В настоящей статье я не собираюсь делать такого утверждения. На мой взгляд, проблема либеральной идеологии не в том, что свобода – это на самом деле-де что-то плохое, а в том, что под свободой в ней понимается т.наз. «негативная» свобода. читать дальшеСлово «негативная» в этом сочетании использовано не в значении какой-то нравственно-этической характеристики такой свободы, а как указание на то, что речь идёт о свободе «от чего-то», но безо всякого внутреннего содержания – это свобода от, но не знающая, для чего она. Проще говоря, свобода понимается как произвол. И лишь из сугубо практических соображений ставится некоторая ограничительная рамка индивидуальному произволу в виде формул типа «свобода одного индивида кончается там, где начинается свобода другого». Однако, очевидно, и сами эти границы между свободой одного и свободой другого не всегда ясны и не-незыблемы. Это порождает массу противоречий, и кризис современного западного либерализма вызван, в том числе, и этим. Однако в настоящей статье речь пойдёт не об этих границах, а о более фундаментальном, а именно: является ли «негативная свобода» действительно свободой, и делает ли произвол человека действительно свободным?

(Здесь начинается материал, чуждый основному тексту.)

lemma stein_converse:
  fixes P1 P2 :: "'a::finite \<Rightarrow> real" and C :: "nat \<Rightarrow> 'a list set"
  assumes P1: "is_distr P1" "\<And>a. 0 < P1 a" and P2: "\<And>a. 0 < P2 a"
    and C: "\<And>n. C n \<subseteq> words n" and err: "(\<lambda>n. prod_meas P1 (words n - C n)) \<longlonglongrightarrow> 0"
  shows "- relent P1 P2 \<le> liminf (\<lambda>n. ereal (ln (prod_meas P2 (C n)) / real n))"
proof -
  define T where "T n = typical_set P1 P2 (typical_radius n) n" for n
  define lo where "lo n = - (llr_mean P1 P2 + typical_radius n) + ln (1/2) / real n" for n
  have "(\<lambda>n. prod_meas P1 (words n - C n) + prod_meas P1 (words n - T n)) \<longlonglongrightarrow> 0"
    using tendsto_add[OF err prod_meas_not_typical_tendsto[OF P1(1)]] by (simp add: T_def)
  then have "\<forall>\<^sub>F n in sequentially. prod_meas P1 (words n - C n) + prod_meas P1 (words n - T n) < 1/2"
    by (rule order_tendstoD(2)) simp
  then have "\<forall>\<^sub>F n in sequentially. prod_meas P1 (words n - C n) + prod_meas P1 (words n - T n) < 1/2 \<and> 0 < n"
    using eventually_gt_at_top[of 0] by (rule eventually_conj)
  then have "\<forall>\<^sub>F n in sequentially. ereal (lo n) \<le> ereal (ln (prod_meas P2 (C n)) / real n)"
  proof eventually_elim
    case (elim n)
    then have "1/2 \<le> prod_meas P1 (C n \<inter> T n)"
      using prod_meas_Int_ge[OF P1(1) C, of n "T n"] by simp
    then have "lo n \<le> ln (prod_meas P2 (C n)) / real n"
      unfolding lo_def using elim C[of n]
      by (intro ln_prod_meas_ge_typical[OF P1(2) P2, where S = "C n \<inter> T n"]) (auto simp: T_def intro: finite_subset)
    then show ?case
      by simp
  qed
  then have "liminf (\<lambda>n. ereal (lo n)) \<le> liminf (\<lambda>n. ereal (ln (prod_meas P2 (C n)) / real n))"
    by (rule Liminf_mono)
  moreover have "lo \<longlonglongrightarrow> - llr_mean P1 P2"
    unfolding lo_def by (auto intro!: tendsto_eq_intros typical_radius_tendsto lim_const_over_n)
  then have "liminf (\<lambda>n. ereal (lo n)) = - relent P1 P2"
    using relent_eq_llr_mean[of P1 P2, OF P1(2) P2] by (intro lim_imp_Liminf) simp_all
  ultimately show ?thesis
    by simp
qed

Различие между свободой и индивидуальной вседозволенностью – причём даже не с позиции «общества», а в первую очередь, именно индивида – связано с неясностью для самого индивида ответов на такие вопросы, как: «Что есть подлинное «Я»?» и «Что для меня ценно?», а следовательно и «Что для меня есть свобода?».
Вопросу об истинной свободе посвящено одно из важных произведений мировой литературы, поэма Генрика Ибсена «Пер Гюнт». Истинная свобода есть постижение человеком своей собственной подлинности – то, что для Пера Гюнта означало «пребыть самим собою». Центральным мотивом этой бессмертной поэмы Ибсена является противопоставление того, что значит «быть самим собой» и «довольствоваться собой». В чём, в самом деле, разница между тем и другим? Ответ на это каждый человек может для себя найти лишь через длинный путь постижения некоей тайны о самом себе: что для меня ценно, что для меня есть подлинное «я», и чего я хочу на самом деле? Было бы глубоко ошибочно думать, что «Пер Гюнт» – это просто повествование, не относящееся к нам лично, о каком-то не очень хорошем человеке, неудачнике, – отнюдь, мы не можем сказать, что по-настоящему понимаем это произведение, до тех пор, пока не узнаем в Пере Гюнте себя.

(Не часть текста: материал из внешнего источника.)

theorem lemma12:
  fixes k :: nat
  assumes "k \<ge> 1"
  shows "(\<forall>i \<in> insert None (Some ` {0..(2::nat)^k - 1}). \<forall>j \<in> {0..(2::nat)^k - 1}.
            i \<noteq> Some j \<longrightarrow> lam k i j \<ge> 0)
       \<and> (\<forall>i \<in> insert None (Some ` {1..(2::nat)^k - 1}). \<forall>j \<in> {1..(2::nat)^k - 1}.
            i \<noteq> Some j \<longrightarrow> mu k i j \<ge> 0)"
proof -
  have "0 \<le> lunder k j" for j
    unfolding lunder_def using alpha_pos[of j] rho_pos by simp
  then have lam: "0 \<le> lam k i j" if "i \<noteq> Some j" for i j
    using that lbar_nonneg unfolding lam_def by (cases i) auto
  have "0 \<le> cv k j" for j
    using piv_le_cv piv_nonneg order_trans by blast
  then have mu: "0 \<le> mu k i j" if "i \<noteq> Some j" for i j
    using that mubar_nonneg_and_last_row_slack_nonneg[OF assms] unfolding mu_def
    by (cases i) auto
  show ?thesis using lam mu by blast
qed

end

«Маленький принц» Экзюпери – произведение, затрагивающее, в сущности, эту же проблематику. Все те довольно убогие персонажи второго плана – король, пьяница, делец, честолюбец и др. – олицетворяют собой как бы субличности человека, то, что формируется в сознании человека от его пребывания в тех или иных заблуждениях в отношении вопроса «чего я хочу?». Сам же маленький принц есть олицетворение основы души человека, его сердца. «Субличности», в то время как заняты они, по сути, какой-то фигнёй, и даже рассуждения их нелогичны, в то же время имеют определённое преимущество перед маленьким принцем – хотя бы потому, что их много. Это – как бы такая масса, шелуха, за которой взрослый человек в повседневной, будничной жизни просто теряет из виду, забывает: что на самом деле есть подлинное «я»? Найти же свою подлинность – значит для человека найти среди всех этих, условно говоря, королей, пьяниц, дельцов и т.п. своего собственного маленького принца.
Поэтому свобода – это скорее потенциальность, чем изначальная данность: человек не рождается с уже готовым умением отличать истину от заблуждений, а значит – и умением отличить подлинное «Я» от, так сказать, «я, данного в ощущениях» – королей, пьяниц, дельцов. Для этого человеку требуется пройти тот или иной путь к постижению собственной тайны, сокровища в своём сердце, как пришлось пройти подобный путь Перу Гюнту. Рассуждения о свободе, таким образом, невозможны вне связи с понятием ценного, причём именно того, что человек сам осознаёт как ценное для себя, субъективно. Если же я сам не знаю, что для меня ценно, то что тогда и говорить о свободе?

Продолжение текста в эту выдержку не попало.